Через открытое окно до них вдруг донесся из леса звук охотничьего рожка, словно Юшьер напоминал о себе, угрожая их одиночеству, насмехаясь над их усталостью, тревожа ту недавно образовавшуюся мглу, которая отделила их от мира.
— Неужели ваши соседи по ночам охотятся?
— Нет. Но в дни приемов, когда в замке ужинают, о подаче каждого блюда оповещают охотничьим рожком.
— В самом деле?
— Так получается торжественнее.
— У нас в Хэверхилле нет привычки возвещать о казни ростбифа или подавать сигнал к уничтожению пудинга. Спокойной ночи.

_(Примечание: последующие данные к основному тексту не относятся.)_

(* Let $T$ be a real $n\times n$ orthogonal projection matrix (symmetric, $T^2=T$) of rank $k$ whose diagonal entries are all equal. Then for every $0<m<n$, every principal $m\times m$ submatrix $T'$ of $T$ satisfies $\operatorname{rank}(T')\ge m\cdot k/n$. *)

theory Defs
  imports "Jordan_Normal_Form.DL_Rank" "Jordan_Normal_Form.DL_Submatrix"
begin

end

theory Submission
  imports Defs "Jordan_Normal_Form.Gram_Schmidt" "HOL-Analysis.Convex"
begin

(* Expanding in an orthogonal basis U of the column space of a real square matrix A gives
   tr A = sum over u of <u, A u>/<u, u> and tr (A^T A) = sum over u of |A^T u|^2/<u, u>, so
   Cauchy-Schwarz in each summand and then for the sum yields
   (tr A)^2 <= rank A * tr (A^T A).  For idempotent A every u is fixed, whence tr A = rank A.
   If T is a symmetric idempotent with constant diagonal c, then n c = tr T = k.  A principal
   submatrix B = T[I,I] has tr B = m c and tr (B^T B) = sum over i, j in I of T_ij^2, which is
   at most the sum over i in I of (T^T T)_ii = T_ii, i.e. at most tr B.  Hence
   (tr B)^2 <= rank B * tr B, so rank B >= tr B = m k / n. *)

(* The inner-product notation of HOL-Analysis clashes with scalar_prod. *)
unbundle no inner_syntax

definition trace :: "'a::comm_ring_1 mat \<Rightarrow> 'a" where
  "trace A = (\<Sum>i<dim_row A. A $$ (i, i))"

definition orthogonal_system :: "real vec set \<Rightarrow> bool" where
  "orthogonal_system U \<longleftrightarrow> (\<forall>u\<in>U. u \<bullet> u \<noteq> 0) \<and> (\<forall>u\<in>U. \<forall>v\<in>U. u \<noteq> v \<longrightarrow> u \<bullet> v = 0)"

lemma scalar_prod_self_ge_0:
  fixes x :: "real vec"
  shows "0 \<le> x \<bullet> x"
  unfolding scalar_prod_def by (auto intro: sum_nonneg)

lemma Cauchy_Schwarz_scalar_prod:
  fixes x y :: "real vec"
  assumes "x \<in> carrier_vec n" "y \<in> carrier_vec n"
  shows "(x \<bullet> y)\<^sup>2 \<le> (x \<bullet> x) * (y \<bullet> y)"
  using Cauchy_Schwarz_ineq_sum[of "\<lambda>i. x $ i" "\<lambda>i. y $ i" "{0..<n}"] assms
  by (simp add: scalar_prod_def power2_eq_square)

lemma scalar_prod_carrier:
  assumes "y \<in> carrier_vec n"
  shows "x \<bullet> y = (\<Sum>i<n. x $ i * y $ i)"
  using assms by (simp add: scalar_prod_def atLeast0LessThan)

lemma diag_transpose_mult_self:
  fixes A :: "'a::comm_ring_1 mat"
  assumes "A \<in> carrier_mat nr nc" "i < nc"
  shows "(A\<^sup>T * A) $$ (i, i) = (\<Sum>j<nr. (A $$ (j, i))\<^sup>2)"
  using assms by (simp add: scalar_prod_def atLeast0LessThan power2_eq_square)

context
  fixes n :: nat
begin

interpretation vec_space "TYPE(real)" n .

lemma span_maximal_lin_indpt_subset:
  assumes W: "W \<subseteq> carrier_vec n" and S: "maximal S (\<lambda>T. T \<subseteq> W \<and> lin_indpt T)"
  shows "span S = span W"
proof -
  have SW: "S \<subseteq> W" and Si: "lin_indpt S" using S unfolding maximal_def by auto
  have SC: "S \<subseteq> carrier_vec n" using SW W by auto
  have "W \<subseteq> span S"
  proof
    fix w assume w: "w \<in> W"
    show "w \<in> span S"
    proof (cases "w \<in> S")
      case True
      then show ?thesis using span_mem[OF SC] by auto
    next
      case False
      have "\<not> lin_indpt (insert w S)"
        using S w SW False unfolding maximal_def by blast
      then show ?thesis using lin_dep_iff_in_span[OF SC Si _ False] w W by auto
    qed
  qed
  then show ?thesis using span_is_monotone[OF SW] span_subsetI[OF SC] by blast
qed

lemma orthogonal_basis_of_col_space:
  assumes A: "A \<in> carrier_mat n nc"
  obtains U where "finite U" "U \<subseteq> carrier_vec n" "orthogonal_system U"
    "card U = rank A" "span U = span (set (cols A))"
proof -
  interpret cof_vec_space n "TYPE(real)" .
  have colsC: "set (cols A) \<subseteq> carrier_vec n" using A cols_dim by blast
  obtain S where S: "maximal S (\<lambda>T. T \<subseteq> set (cols A) \<and> lin_indpt T)"
    using maximal_exists[of "\<lambda>T. T \<subseteq> set (cols A) \<and> lin_indpt T" "card (set (cols A))" "{}"]
    by (meson List.finite_set card_mono empty_iff empty_subsetI finite_lin_indpt2 rev_finite_subset)
  have SA: "S \<subseteq> set (cols A)" and Si: "lin_indpt S" using S unfolding maximal_def by auto
  have SC: "S \<subseteq> carrier_vec n" using SA colsC by auto
  obtain ws where ws: "set ws = S" "distinct ws"
    using finite_distinct_list SA List.finite_set finite_subset by metis
  define us where "us = gram_schmidt n ws"
  note gs = gram_schmidt_result[OF _ ws(2) _ us_def, unfolded ws(1), OF SC Si]
  show ?thesis
  proof
    show "finite (set us)" by simp
    show "set us \<subseteq> carrier_vec n" using gs by auto
    show "card (set us) = rank A"
      using gs ws rank_card_indpt[OF A S] by (metis distinct_card)
    show "span (set us) = span (set (cols A))"
      using gs(1) span_maximal_lin_indpt_subset[OF colsC S] by simp
    have "us ! i \<bullet> us ! j = 0 \<longleftrightarrow> i \<noteq> j" if "i < length us" "j < length us" for i j
      using corthogonalD[OF gs(2) that] by simp
    then show "orthogonal_system (set us)"
      unfolding orthogonal_system_def by (auto simp: in_set_conv_nth)
  qed
qed

lemma orthogonal_expansion:
  assumes U: "finite U" "U \<subseteq> carrier_vec n" "orthogonal_system U"
    and v: "v \<in> span U" and i: "i < n"
  shows "v $ i = (\<Sum>u\<in>U. (v \<bullet> u) / (u \<bullet> u) * u $ i)"
proof -
  obtain a where v_eq: "v = lincomb a U"
    using finite_in_span[OF U(1,2) v] by auto
  have v_index: "v $ l = (\<Sum>x\<in>U. a x * x $ l)" if "l < n" for l
    unfolding v_eq using lincomb_index[OF that U(2)] .
  have coeff: "v \<bullet> u = a u * (u \<bullet> u)" if u: "u \<in> U" for u
  proof -
    have uC: "u \<in> carrier_vec n" using u U(2) by auto
    have "v \<bullet> u = (\<Sum>l<n. (\<Sum>x\<in>U. a x * x $ l) * u $ l)"
      using v_index by (simp add: scalar_prod_carrier[OF uC])
    also have "\<dots> = (\<Sum>x\<in>U. a x * (\<Sum>l<n. x $ l * u $ l))"
      by (simp add: sum_distrib_left sum_distrib_right mult.assoc sum.swap[of _ U])
    also have "\<dots> = (\<Sum>x\<in>U. a x * (x \<bullet> u))"
      by (simp add: scalar_prod_carrier[OF uC])
    also have "\<dots> = (\<Sum>x\<in>U. if x = u then a u * (u \<bullet> u) else 0)"
      using U(3) u unfolding orthogonal_system_def by (intro sum.cong) auto
    also have "\<dots> = a u * (u \<bullet> u)"
      using U(1) u by simp
    finally show ?thesis .
  qed
  show ?thesis
    using v_index[OF i] coeff U(3) unfolding orthogonal_system_def by (auto intro!: sum.cong)
qed

lemma Parseval_identity:
  assumes U: "finite U" "U \<subseteq> carrier_vec n" "orthogonal_system U"
    and v: "v \<in> span U"
  shows "v \<bullet> v = (\<Sum>u\<in>U. (v \<bullet> u)\<^sup>2 / (u \<bullet> u))"
proof -
  have vC: "v \<in> carrier_vec n" using v span_closed[OF U(2)] by auto
  have "v \<bullet> v = (\<Sum>i<n. v $ i * (\<Sum>u\<in>U. (v \<bullet> u) / (u \<bullet> u) * u $ i))"
    using vC orthogonal_expansion[OF U v] unfolding scalar_prod_def
    by (auto simp: atLeast0LessThan intro!: sum.cong)
  also have "\<dots> = (\<Sum>u\<in>U. (v \<bullet> u) / (u \<bullet> u) * (\<Sum>i<n. v $ i * u $ i))"
    by (auto simp: sum_distrib_left sum_distrib_right mult_ac intro: sum.swap)
  also have "\<dots> = (\<Sum>u\<in>U. (v \<bullet> u)\<^sup>2 / (u \<bullet> u))"
    using U(2) unfolding scalar_prod_def by (auto simp: atLeast0LessThan power2_eq_square intro!: sum.cong)
  finally show ?thesis .
qed

lemma trace_eq_sum_orthogonal_system:
  assumes A: "A \<in> carrier_mat n n"
    and U: "finite U" "U \<subseteq> carrier_vec n" "orthogonal_system U"
    and cols: "set (cols A) \<subseteq> span U"
  shows "trace A = (\<Sum>u\<in>U. u \<bullet> (A *\<^sub>v u) / (u \<bullet> u))"
proof -
  have col_in_span: "col A i \<in> span U" if "i < n" for i
    using cols A that by (auto simp: cols_def)
  have "trace A = (\<Sum>i<n. \<Sum>u\<in>U. (col A i \<bullet> u) / (u \<bullet> u) * u $ i)"
    unfolding trace_def using A orthogonal_expansion[OF U col_in_span] by (auto intro!: sum.cong)
  also have "\<dots> = (\<Sum>u\<in>U. (\<Sum>i<n. (col A i \<bullet> u) * u $ i) / (u \<bullet> u))"
    by (simp add: sum.swap[of _ U] sum_divide_distrib)
  also have "\<dots> = (\<Sum>u\<in>U. (A\<^sup>T *\<^sub>v u) \<bullet> u / (u \<bullet> u))"
    using A U(2) by (auto simp: scalar_prod_carrier row_transpose intro!: sum.cong)
  also have "\<dots> = (\<Sum>u\<in>U. u \<bullet> (A *\<^sub>v u) / (u \<bullet> u))"
    using A U(2) by (auto simp: transpose_vec_mult_scalar intro!: sum.cong)
  finally show ?thesis .
qed

lemma trace_transpose_mult_eq_sum_orthogonal_system:
  assumes A: "A \<in> carrier_mat n n"
    and U: "finite U" "U \<subseteq> carrier_vec n" "orthogonal_system U"
    and cols: "set (cols A) \<subseteq> span U"
  shows "trace (A\<^sup>T * A) = (\<Sum>u\<in>U. (A\<^sup>T *\<^sub>v u) \<bullet> (A\<^sup>T *\<^sub>v u) / (u \<bullet> u))"
proof -
  have col_in_span: "col A i \<in> span U" if "i < n" for i
    using cols A that by (auto simp: cols_def)
  have "trace (A\<^sup>T * A) = (\<Sum>i<n. col A i \<bullet> col A i)"
    using A by (simp add: trace_def row_transpose)
  also have "\<dots> = (\<Sum>i<n. \<Sum>u\<in>U. (col A i \<bullet> u)\<^sup>2 / (u \<bullet> u))"
    using Parseval_identity[OF U col_in_span] by simp
  also have "\<dots> = (\<Sum>u\<in>U. (\<Sum>i<n. (col A i \<bullet> u)\<^sup>2) / (u \<bullet> u))"
    by (simp add: sum.swap[of _ U] sum_divide_distrib)
  also have "\<dots> = (\<Sum>u\<in>U. (A\<^sup>T *\<^sub>v u) \<bullet> (A\<^sup>T *\<^sub>v u) / (u \<bullet> u))"
    using A by (auto simp: scalar_prod_def atLeast0LessThan row_transpose power2_eq_square
      intro!: sum.cong)
  finally show ?thesis .
qed

lemma trace_square_le_rank_mult_trace_transpose_mult:
  assumes A: "A \<in> carrier_mat n n"
  shows "(trace A)\<^sup>2 \<le> rank A * trace (A\<^sup>T * A)"
proof -
  obtain U where U: "finite U" "U \<subseteq> carrier_vec n" "orthogonal_system U"
    and card_U: "card U = rank A" and span_U: "span U = span (set (cols A))"
    using orthogonal_basis_of_col_space[OF A] .
  have cols: "set (cols A) \<subseteq> span U"
    unfolding span_U using span_mem cols_dim A by blast
  define a where "a u = u \<bullet> (A *\<^sub>v u) / (u \<bullet> u)" for u
  have a_square_le: "(a u)\<^sup>2 \<le> (A\<^sup>T *\<^sub>v u) \<bullet> (A\<^sup>T *\<^sub>v u) / (u \<bullet> u)" if u: "u \<in> U" for u
  proof -
    have uC: "u \<in> carrier_vec n" using u U(2) by auto
    have pos: "0 < u \<bullet> u"
      using U(3) u scalar_prod_self_ge_0[of u] unfolding orthogonal_system_def by force
    have "(u \<bullet> (A *\<^sub>v u))\<^sup>2 \<le> ((A\<^sup>T *\<^sub>v u) \<bullet> (A\<^sup>T *\<^sub>v u)) * (u \<bullet> u)"
      using Cauchy_Schwarz_scalar_prod[of "A\<^sup>T *\<^sub>v u" n u] A uC
      by (simp add: transpose_vec_mult_scalar)
    then show ?thesis
      using pos unfolding a_def by (simp add: power_divide field_simps power2_eq_square)
  qed
  have "(trace A)\<^sup>2 = (\<Sum>u\<in>U. a u)\<^sup>2"
    unfolding a_def trace_eq_sum_orthogonal_system[OF A U cols] ..
  also have "\<dots> \<le> (\<Sum>u\<in>U. (a u)\<^sup>2) * card U"
    by (rule sum_squared_le_sum_of_squares)
  also have "\<dots> \<le> (\<Sum>u\<in>U. (A\<^sup>T *\<^sub>v u) \<bullet> (A\<^sup>T *\<^sub>v u) / (u \<bullet> u)) * card U"
    by (intro mult_right_mono sum_mono a_square_le) auto
  also have "\<dots> = rank A * trace (A\<^sup>T * A)"
    unfolding trace_transpose_mult_eq_sum_orthogonal_system[OF A U cols] card_U by simp
  finally show ?thesis .
qed

lemma idempotent_fixes_col_space:
  assumes A: "A \<in> carrier_mat n n" and idem: "A * A = A"
    and v: "v \<in> span (set (cols A))"
  shows "A *\<^sub>v v = v"
proof -
  have colsC: "set (cols A) \<subseteq> carrier_vec n" using A cols_dim by blast
  obtain c where "v = lincomb_list c (cols A)"
    using v in_span_listE span_list_as_span[OF colsC] by metis
  moreover have "lincomb_list c (cols A) = A *\<^sub>v vec n c"
    using lincomb_list_as_mat_mult[of "cols A" c] colsC A by fastforce
  ultimately show ?thesis
    using A idem by (simp add: assoc_mult_mat_vec[symmetric])
qed

lemma trace_idempotent_eq_rank:
  assumes A: "A \<in> carrier_mat n n" and idem: "A * A = A"
  shows "trace A = rank A"
proof -
  obtain U where U: "finite U" "U \<subseteq> carrier_vec n" "orthogonal_system U"
    and card_U: "card U = rank A" and span_U: "span U = span (set (cols A))"
    using orthogonal_basis_of_col_space[OF A] .
  have cols: "set (cols A) \<subseteq> span U"
    unfolding span_U using span_mem cols_dim A by blast
  have "A *\<^sub>v u = u" if "u \<in> U" for u
    using idempotent_fixes_col_space[OF A idem] span_mem[OF U(2) that] span_U by auto
  then have "trace A = (\<Sum>u\<in>U. 1)"
    using U(3) unfolding trace_eq_sum_orthogonal_system[OF A U cols] orthogonal_system_def
    by (auto intro!: sum.cong)
  then show ?thesis using card_U by simp
qed

end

Джанеуэй лег в кровать, но рожки и трубы мешали ему сомкнуть глаза. Несколько ракет вспыхнули в воздухе, окрасив небо зеленым, красным, серебряным цветами, и рассыпались звездами над лиственным лесом; казалось, Юшьер хотел нанести оскорбление ночи и плевался над О-Пати презрительной огненной слюной. Подняв голову, англичанин увидел, что хозяин не ложился. В его потерянном взгляде он распознал одну из тех неистовых и одновременно робких страстей, что рождаются лишь в одиночестве и подобны поэмам, которые читают вполголоса; чувства, в них выраженные, не могут воплотиться в действие, они держат обуреваемого ими человека в состоянии зависимости и тяжкого напряжения. Вокруг Тенсе бесшумно сновали бабочки-пяденицы, а он стоял, не чувствуя укусов комаров, не замечая внезапно появившихся летучих мышей, и настороженно, словно волк, всматривался в ночь. Вдруг мускулы его измученного лица исказились, он вцепился руками в свои черные волосы, на которых прыгали рыжие отсветы свечи, и рухнул головой на стол. Тогда англичанин раздвинул зеленые саржевые занавески и вышел из алькова.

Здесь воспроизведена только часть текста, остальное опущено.